## The problem
Among the lines below, restate word for word only those from the line with "using J1(2) S_meets" through the line with "J2(3) p'_def by auto", with both end lines kept.

(Beginning of Dataset excerpts)

(* Let $G^{\mathcal X}_r=(V_r,E^{\mathcal X}_r,s_r)$ be an extraction order. An edge $e\in E^{\mathcal X}_r$ is labeled with $j\in V_r$ (i.e., $j\in\mathcal L_e$) if and only if there exists a node $i\in V_r$ such that (i) $e$ lies on a directed path from $i$ to $j$ in $E^{\mathcal X}_r$, i.e., $e\in E_{i\leadsto j}$, and (ii) a confluence from $i$ to $j$ exists.
   Context: An extraction order of a directed graph $G_r=(V_r,E_r)$ is a rooted directed acyclic graph $G^{\mathcal X}_r=(V_r,E^{\mathcal X}_r,s_r)$ in which every node is reachable from $s_r$ and $E^{\mathcal X}_r$ is obtained from $E_r$ by reversing some (possibly no) edges. A confluence from $i$ to $j$ is a pair of directed paths in $E^{\mathcal X}_r$ from $i$ to $j$ sharing no node other than $i$ and $j$; it contains the edges of both paths. For $e\in E^{\mathcal X}_r$, $\mathcal L_e$ is the set of nodes $j$ such that $e$ belongs to some confluence with target $j$. $E_{i\leadsto j}$ denotes the set of edges of $E^{\mathcal X}_r$ that lie on some directed path from $i$ to $j$. *)

theory Defs
  imports Main
begin

definition digraph :: "'a set \<Rightarrow> ('a \<times> 'a) set \<Rightarrow> bool" where
  "digraph V E \<longleftrightarrow> finite V \<and> E \<subseteq> V \<times> V"

definition extraction_order ::
  "'a set \<Rightarrow> ('a \<times> 'a) set \<Rightarrow> ('a \<times> 'a) set \<Rightarrow> 'a \<Rightarrow> bool" where
  "extraction_order V E Eo s \<longleftrightarrow>
     digraph V E \<and> s \<in> V \<and> acyclic Eo \<and>
     (\<exists>R \<subseteq> E. Eo = (E - R) \<union> R\<inverse>) \<and>
     (\<forall>v\<in>V. (s, v) \<in> Eo\<^sup>*)"

definition dpath :: "('a \<times> 'a) set \<Rightarrow> 'a list \<Rightarrow> 'a \<Rightarrow> 'a \<Rightarrow> bool" where
  "dpath Eo p i j \<longleftrightarrow> p \<noteq> [] \<and> hd p = i \<and> last p = j \<and> distinct p \<and>
     (\<forall>k. Suc k < length p \<longrightarrow> (p ! k, p ! Suc k) \<in> Eo)"

definition path_edges :: "'a list \<Rightarrow> ('a \<times> 'a) set" where
  "path_edges p = set (zip p (tl p))"

definition confluence ::
  "('a \<times> 'a) set \<Rightarrow> 'a \<Rightarrow> 'a \<Rightarrow> 'a list \<Rightarrow> 'a list \<Rightarrow> bool" where
  "confluence Eo i j p q \<longleftrightarrow> dpath Eo p i j \<and> dpath Eo q i j \<and> p \<noteq> q \<and>
     set p \<inter> set q \<subseteq> {i, j}"

definition labels :: "('a \<times> 'a) set \<Rightarrow> 'a \<times> 'a \<Rightarrow> 'a set" where
  "labels Eo e = {j. \<exists>i p q. confluence Eo i j p q \<and> e \<in> path_edges p \<union> path_edges q}"

definition reach_edges :: "('a \<times> 'a) set \<Rightarrow> 'a \<Rightarrow> 'a \<Rightarrow> ('a \<times> 'a) set" where
  "reach_edges Eo i j = {e. \<exists>p. dpath Eo p i j \<and> e \<in> path_edges p}"

end

theory Submission
  imports Defs
begin

text \<open>Let C be the node set of a confluence (p, q) from i to j
  and let e lie on a path from i to j. If e is not already
  on the confluence, cut the path to the maximal segment S through e whose
  inner nodes avoid C (a bridge); it runs from some x \<in> C to some w \<in> C.
  Say x \<in> p. If also w \<in> p, acyclicity puts w after x
  on p, and replacing the part of p between them by S gives a new
  confluence from i to j. Otherwise w \<in> q, and the rest of
  p after x together with S followed by the rest of q after
  w is a confluence from x to j. Either way e lies on a
  confluence with target j.\<close>

lemma path_edges_Nil [simp]: "path_edges [] = {}"
  by (simp add: path_edges_def)

lemma path_edges_singleton [simp]: "path_edges [x] = {}"
  by (simp add: path_edges_def)

lemma path_edges_Cons_Cons [simp]:
  "path_edges (x # y # zs) = insert (x, y) (path_edges (y # zs))"
  by (simp add: path_edges_def)

lemma path_edges_append:
  "path_edges (xs @ ys) = path_edges xs \<union> path_edges ys \<union>
     (if xs = [] \<or> ys = [] then {} else {(last xs, hd ys)})"
  by (induction xs) (auto simp: neq_Nil_conv)

lemma path_edges_append_tl:
  assumes "xs \<noteq> []" "ys \<noteq> []" "last xs = hd ys"
  shows "path_edges (xs @ tl ys) = path_edges xs \<union> path_edges ys"
  using assms path_edges_append[of xs "tl ys"] by (cases ys; cases "tl ys") auto

lemma path_edges_split: "(a, b) \<in> path_edges P \<Longrightarrow> \<exists>A B. P = A @ a # b # B"
proof (induction P rule: induct_list012)
  case (3 x y zs)
  then show ?case by (auto intro: exI[of _ "[]"]) (metis append_Cons)
qed simp_all

lemma path_edges_conv_nth:
  "path_edges p = {(p ! k, p ! Suc k) | k. Suc k < length p}"
  unfolding path_edges_def set_zip by (auto simp: nth_tl)

lemma dpath_iff_path_edges:
  "dpath Eo p i j \<longleftrightarrow>
     p \<noteq> [] \<and> hd p = i \<and> last p = j \<and> distinct p \<and> path_edges p \<subseteq> Eo"
  unfolding dpath_def path_edges_conv_nth by blast

lemma path_edges_rtrancl:
  "path_edges p \<subseteq> Eo \<Longrightarrow> p \<noteq> [] \<Longrightarrow> (hd p, last p) \<in> Eo\<^sup>*"
  by (induction p rule: induct_list012) (auto intro: converse_rtrancl_into_rtrancl)

lemma dpath_trancl: "dpath Eo p a b \<Longrightarrow> a \<noteq> b \<Longrightarrow> (a, b) \<in> Eo\<^sup>+"
  using path_edges_rtrancl[of p Eo] by (auto simp: dpath_iff_path_edges rtrancl_eq_or_trancl)

lemma dpath_loop: "dpath Eo p a a \<Longrightarrow> p = [a]"
  unfolding dpath_iff_path_edges
  by (metis distinct.simps(2) hd_Cons_tl last_ConsR last_in_set list.collapse)

lemma dpath_ends_in_set: "dpath Eo p a b \<Longrightarrow> a \<in> set p \<and> b \<in> set p"
  by (auto simp: dpath_iff_path_edges)

lemma dpath_append_tl:
  assumes "dpath Eo xs a b" "dpath Eo ys b c" "set xs \<inter> set ys \<subseteq> {b}"
  shows "dpath Eo (xs @ tl ys) a c"
    and "set (xs @ tl ys) = set xs \<union> set ys"
    and "path_edges (xs @ tl ys) = path_edges xs \<union> path_edges ys"
proof -
  have xs: "xs \<noteq> []" "hd xs = a" "last xs = b" "distinct xs" "path_edges xs \<subseteq> Eo"
    using assms(1) by (auto simp: dpath_iff_path_edges)
  obtain ys' where ys': "ys = b # ys'" "last ys = c" "distinct ys" "path_edges ys \<subseteq> Eo"
    using assms(2) by (auto simp: dpath_iff_path_edges neq_Nil_conv)
  show "set (xs @ tl ys) = set xs \<union> set ys"
    using xs ys' by (auto dest: last_in_set)
  show edges: "path_edges (xs @ tl ys) = path_edges xs \<union> path_edges ys"
    using path_edges_append_tl[of xs ys] xs ys' by simp
  have "last (xs @ tl ys) = c" using xs ys' by (cases ys') auto
  then show "dpath Eo (xs @ tl ys) a c"
    using xs ys' assms(3) edges by (auto simp: dpath_iff_path_edges)
qed

lemma dpath_split:
  assumes "dpath Eo p a c" "x \<in> set p"
  obtains p1 p2 where "dpath Eo p1 a x" "dpath Eo p2 x c" "set p1 \<inter> set p2 = {x}" "set p = set p1 \<union> set p2"
    "path_edges p = path_edges p1 \<union> path_edges p2"
proof -
  obtain ys zs where p: "p = ys @ x # zs" using assms(2) split_list by metis
  have d: "hd p = a" "last p = c" "distinct p" "path_edges p \<subseteq> Eo"
    using assms(1) by (auto simp: dpath_iff_path_edges)
  have edges: "path_edges p = path_edges (ys @ [x]) \<union> path_edges (x # zs)"
    using path_edges_append_tl[of "ys @ [x]" "x # zs"] p by simp
  have "dpath Eo (ys @ [x]) a x" "dpath Eo (x # zs) x c"
    using d p edges by (auto simp: dpath_iff_path_edges hd_append split: if_splits)
  moreover have "set (ys @ [x]) \<inter> set (x # zs) = {x}" using d p by auto
  ultimately show thesis using that p edges by simp
qed

lemma dpath_infix:
  assumes "dpath Eo (xs @ S @ ys) a b" "S \<noteq> []"
  shows "dpath Eo S (hd S) (last S)"
proof -
  have "path_edges S \<subseteq> path_edges (xs @ S @ ys)"
    using path_edges_append[of S ys] path_edges_append[of xs "S @ ys"] by auto
  then show ?thesis using assms by (auto simp: dpath_iff_path_edges)
qed

lemma confluence_ends_distinct: "confluence Eo i j p q \<Longrightarrow> i \<noteq> j"
  unfolding confluence_def using dpath_loop by metis

lemma confluence_swap: "confluence Eo i j p q \<Longrightarrow> confluence Eo i j q p"
  unfolding confluence_def by auto

lemma labelsI:
  "confluence Eo i j p q \<Longrightarrow> e \<in> path_edges p \<union> path_edges q \<Longrightarrow> j \<in> labels Eo e"
  unfolding labels_def by blast

lemma confluence_reroute_same_side:
  assumes acy: "acyclic Eo" and conf: "confluence Eo i j p q"
    and S: "dpath Eo S x w" and "x \<noteq> w" and "x \<in> set p" and "w \<in> set p" and "w \<noteq> j"
    and S_meets: "set S \<inter> (set p \<union> set q) \<subseteq> {x, w}"
    and S_new: "\<not> path_edges S \<subseteq> path_edges q"
  shows "\<exists>p'. confluence Eo i j p' q \<and> path_edges S \<subseteq> path_edges p'"
proof -
  have dp: "dpath Eo p i j" and pq: "set p \<inter> set q \<subseteq> {i, j}"
    using conf unfolding confluence_def by auto
  obtain p1 p2 where p1: "dpath Eo p1 i x" and p2: "dpath Eo p2 x j"
    and p12: "set p1 \<inter> set p2 = {x}" and set_p: "set p = set p1 \<union> set p2"
    using dpath_split[OF dp \<open>x \<in> set p\<close>] by metis
  have "w \<in> set p2"
  proof (rule ccontr)
    assume "w \<notin> set p2"
    then obtain r where "dpath Eo r w x"
      using set_p \<open>w \<in> set p\<close> dpath_split[OF p1] by (metis UnE)
    then have "(w, x) \<in> Eo\<^sup>+" using dpath_trancl \<open>x \<noteq> w\<close> by metis
    moreover have "(x, w) \<in> Eo\<^sup>+" using dpath_trancl S \<open>x \<noteq> w\<close> by metis
    ultimately show False using acy unfolding acyclic_def by (meson trancl_trans)
  qed
  then obtain p3 p4 where p4: "dpath Eo p4 w j" and "x \<in> set p3"
    and p34: "set p3 \<inter> set p4 = {w}" and set_p2: "set p2 = set p3 \<union> set p4"
    using dpath_split[OF p2] dpath_ends_in_set by metis
  have "set p1 \<inter> set S \<subseteq> {x}"
    using S_meets set_p p12 \<open>w \<in> set p2\<close> \<open>x \<noteq> w\<close> by auto
  note J1 = dpath_append_tl[OF p1 S this]
  have "set (p1 @ tl S) \<inter> set p4 \<subseteq> {w}"
    using J1(2) S_meets set_p set_p2 p12 p34 \<open>x \<in> set p3\<close> \<open>x \<noteq> w\<close> by auto
  note J2 = dpath_append_tl[OF J1(1) p4 this]
  define p' where "p' = (p1 @ tl S) @ tl p4"
  have "set p' \<inter> set q \<subseteq> set p \<inter> set q"
    using J1(2) J2(2) S_meets set_p set_p2 \<open>x \<in> set p\<close> \<open>w \<in> set p\<close>
    unfolding p'_def by auto
  moreover have "path_edges S \<subseteq> path_edges p'" using J1(3) J2(3) p'_def by auto
  ultimately have "confluence Eo i j p' q"
    using J2(1) conf pq S_new unfolding confluence_def p'_def by auto
  then show ?thesis using \<open>path_edges S \<subseteq> path_edges p'\<close> by blast
qed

(End of Dataset excerpts)

## Response area
    using J1(2) S_meets set_p set_p2 p12 p34 \<open>x \<in> set p3\<close> \<open>x \<noteq> w\<close> by auto
  note J2 = dpath_append_tl[OF J1(1) p4 this]
  define p' where "p' = (p1 @ tl S) @ tl p4"
  have "set p' \<inter> set q \<subseteq> set p \<inter> set q"
    using J1(2) J2(2) S_meets set_p set_p2 \<open>x \<in> set p\<close> \<open>w \<in> set p\<close>
    unfolding p'_def by auto
  moreover have "path_edges S \<subseteq> path_edges p'" using J1(3) J2(3) p'_def by auto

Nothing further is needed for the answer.